We all offer lip sympathy to pedestrians but we go out and widen the roads for motorists. What we do on the streets is the opposite of what we ought to be doing. There is now this work in progress initiative which says, can we design roads where the pedestrian is truly at the heart of the planning process? They will have wider footpaths, they will cross a grade. Vehicles can go over grade or under grade, followed by cyclists, followed by public transport , followed by motorised vehicles which will get uniform lanes; a hierarchy of road users of which you build this whole premise. This is a very interesting experiment, we still have to wait and see over the next 1.5 years how it pays out . But civil society under the City Connect Platform, which went out and spent money on designs, on ideation, gave it to the government. The government has agreed to spend tax payers’ money to make those roads a reality. The jury is out and we may mess up with the implementation but if things
go according to plan, about 30 kms of roads in the city centre will be designer kind of roads.

4) Waste

The last of the examples deals with waste. A Nobel laureate once said, "At the end of the stone age, stones did not disappear. At the end of Bronze Age, bronze did not disappear. So garbage is not going to disappear." We are going to live with it and the problem is going to get increasingly acute in the years to come. Right now civil society has been engaged over this idea. We now realise that landfill as a model might work in the West, but in India it is non-sustainable. You need to find decentralised solutions, segregation of waste at source. Civil society is working together with the government on a road map where we are collectively saying that we will work towards this.
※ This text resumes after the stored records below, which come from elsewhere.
lemma Bsaturated_separate_atom:
  assumes top: "is_Btop T" and sat: "Bsaturated T \<theta>"
    and c: "B_atom c" and x: "\<not> c \<le> \<theta> x"
  obtains L where "L \<in> T" "\<forall>y. c \<le> \<theta> y \<longrightarrow> c \<le> L y" "\<not> c \<le> L x"
proof -
  have "\<exists>l\<in>T. c \<le> l y \<and> \<not> c \<le> l x" if y: "c \<le> \<theta> y" for y
  proof -
    have "\<not> c \<le> Bimp (\<theta> y) (\<theta> x)" using x y c by (simp add: atom_le_Bimp_iff)
    moreover have "Bspec T y x \<le> Bimp (\<theta> y) (\<theta> x)" using sat by (simp add: Bsaturated_def)
    ultimately have "\<not> c \<le> Bspec T y x" by (meson order_trans)
    then show ?thesis using c by (auto simp: atom_le_Bspec_iff)
  qed
  then obtain g where g: "\<And>y. c \<le> \<theta> y \<Longrightarrow> g y \<in> T \<and> c \<le> g y y \<and> \<not> c \<le> g y x"
    by metis
  define L where "L = Sup (g ` {y. c \<le> \<theta> y})"
  have L_iff: "c \<le> L z \<longleftrightarrow> (\<exists>y. c \<le> \<theta> y \<and> c \<le> g y z)" for z
    unfolding L_def Sup_apply image_image atom_le_SUP_iff[OF c] by simp
  have "L \<in> T" unfolding L_def using g by (intro is_Btop_Sup[OF top]) auto
  moreover have "\<forall>y. c \<le> \<theta> y \<longrightarrow> c \<le> L y" using L_iff g by blast
  moreover have "\<not> c \<le> L x" using L_iff g by blast
  ultimately show thesis by (rule that)
qed

lemma Bsub_Bsaturated_eq_INF:
  assumes top: "is_Btop T" and sat: "Bsaturated T \<theta>1"
  shows "Bsub \<theta>2 \<theta>1 = (INF l\<in>T. Bimp (Bsub \<theta>1 l) (Bsub \<theta>2 l))"
proof (rule B_eqI_atoms)
  fix c assume c: "B_atom c"
  have "(\<forall>x. c \<le> \<theta>2 x \<longrightarrow> c \<le> \<theta>1 x) \<longleftrightarrow>
        (\<forall>l\<in>T. (\<forall>x. c \<le> \<theta>1 x \<longrightarrow> c \<le> l x) \<longrightarrow> (\<forall>x. c \<le> \<theta>2 x \<longrightarrow> c \<le> l x))"
  proof (intro iffI ballI impI allI)
    fix l x assume "\<forall>x. c \<le> \<theta>2 x \<longrightarrow> c \<le> \<theta>1 x" "\<forall>x. c \<le> \<theta>1 x \<longrightarrow> c \<le> l x"
      "c \<le> \<theta>2 x"
    then show "c \<le> l x" by blast
  next
    fix x assume R: "\<forall>l\<in>T. (\<forall>x. c \<le> \<theta>1 x \<longrightarrow> c \<le> l x) \<longrightarrow> (\<forall>x. c \<le> \<theta>2 x \<longrightarrow> c \<le> l x)"
      and x: "c \<le> \<theta>2 x"
    show "c \<le> \<theta>1 x"
    proof (rule ccontr)
      assume "\<not> c \<le> \<theta>1 x"
      then obtain L where "L \<in> T" "\<forall>y. c \<le> \<theta>1 y \<longrightarrow> c \<le> L y" "\<not> c \<le> L x"
        by (rule Bsaturated_separate_atom[OF top sat c])
      then show False using R x by blast
    qed
  qed
  then show "c \<le> Bsub \<theta>2 \<theta>1 \<longleftrightarrow> c \<le> (INF l\<in>T. Bimp (Bsub \<theta>1 l) (Bsub \<theta>2 l))"
    using c by (simp add: le_INF_iff atom_le_Bimp_iff atom_le_Bsub_iff)
qed

lemma Bfilter_atom_not_le:
  assumes top: "is_Btop T" and fil: "Bfilter T F" and c: "B_atom c"
    and mT: "m \<in> T" and PT: "P \<in> T" and cm: "c \<le> F m" and nP: "\<not> c \<le> F P"
  shows "\<exists>x. c \<le> m x \<and> \<not> c \<le> P x"
proof (rule ccontr)
  assume "\<not> ?thesis"
  then have "inf m (\<lambda>_. c) \<le> P"
    by (intro le_funI) (simp add: atom_inf_const[OF c])
  then have "F (inf m (\<lambda>_. c)) \<le> F P"
    by (intro Bfilter_mono[OF fil] is_Btop_inf[OF top] mT PT is_Btop_const[OF top])
  moreover have "F (inf m (\<lambda>_. c)) = inf (F m) c"
    using Bfilter_inf[OF fil mT is_Btop_const[OF top]] Bfilter_const[OF fil] by simp
  moreover have "inf (F m) c = c" using cm by (rule inf_absorb2)
  ultimately show False using nP by simp
qed

lemma Bscott_open_filter_maximal_avoiding:
  assumes top: "is_Btop T" and so: "Bscott_open_filter T F" and c: "B_atom c"
    and lT: "l \<in> T" and nl: "\<not> c \<le> F l"
  shows "\<exists>P\<in>T. l \<le> P \<and> \<not> c \<le> F P \<and> (\<forall>Q\<in>T. P \<le> Q \<longrightarrow> \<not> c \<le> F Q \<longrightarrow> Q = P)"
proof -
  define S where "S = {m\<in>T. l \<le> m \<and> \<not> c \<le> F m}"
  have "\<exists>P\<in>S. \<forall>a\<in>S. P \<le> a \<longrightarrow> a = P"
  proof (rule predicate_Zorn)
    show "partial_order_on S (relation_of (\<le>) S)"
      by (rule partial_order_on_relation_ofI) auto
  next
    fix C assume "C \<in> Chains (relation_of (\<le>) S)"
    then have CS: "C \<subseteq> S" and Ctot: "\<And>a b. a \<in> C \<Longrightarrow> b \<in> C \<Longrightarrow> a \<le> b \<or> b \<le> a"
      unfolding Chains_def relation_of_def by auto
    show "\<exists>u\<in>S. \<forall>a\<in>C. a \<le> u"
    proof (cases "C = {}")
      case True
      then show ?thesis using lT nl by (auto simp: S_def)
    next
      case False
      have CT: "C \<subseteq> T" using CS by (auto simp: S_def)
      have "directed C" unfolding directed_def using False Ctot by blast
      then have "F (Sup C) = (SUP m\<in>C. F m)"
        using so CT by (simp add: Bscott_open_filter_def)
      then have "\<not> c \<le> F (Sup C)" using CS by (auto simp: atom_le_SUP_iff[OF c] S_def)
      moreover have "Sup C \<in> T" using is_Btop_Sup[OF top CT] .
      moreover have "l \<le> Sup C"
        using False CS by (auto simp: S_def intro: order_trans Sup_upper)
      ultimately show ?thesis by (auto simp: S_def intro: Sup_upper)
    qed
  qed
  then show ?thesis by (auto simp: S_def intro: order_trans)
qed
And the heart of the idea is that ‘not in my backyard’ needs to be giving way to ‘yes, in my backyard’ – NIMBY to YIMBY.

North by North-east?

The point that I am making is, businesses and civil societies only have two options. Either we can crib or can collectively make something about it. If you don’t do something about it collaboratively, a better tomorrow is not going to happen in our cities. We will go to our collective graves, with things getting worse. It’s not going to get better. And therefore there is actually merit in finding alternate models of collaboration between civil societies and the government to make life a lot more liveable for all of us. This will involve aspects of co-creation, whole lot of value of cross-pollination; there are areas where the government is strong, there are areas where private sector is strong and that cross-pollination could lead for better cities.

A sign for our times?

I started by saying what Gandhiji said, "Be the change you want to see." Amartya Sen said, "We are the argumentative Indian". I think, more than argumentative, we are the ‘Opinionated Indian.’ All of us have an opinion on what others should do. Change rarely begins with us. And therefore a sign for our times is to become the change that you want others to be. If each of us followed that, chances are that changes will happen much faster.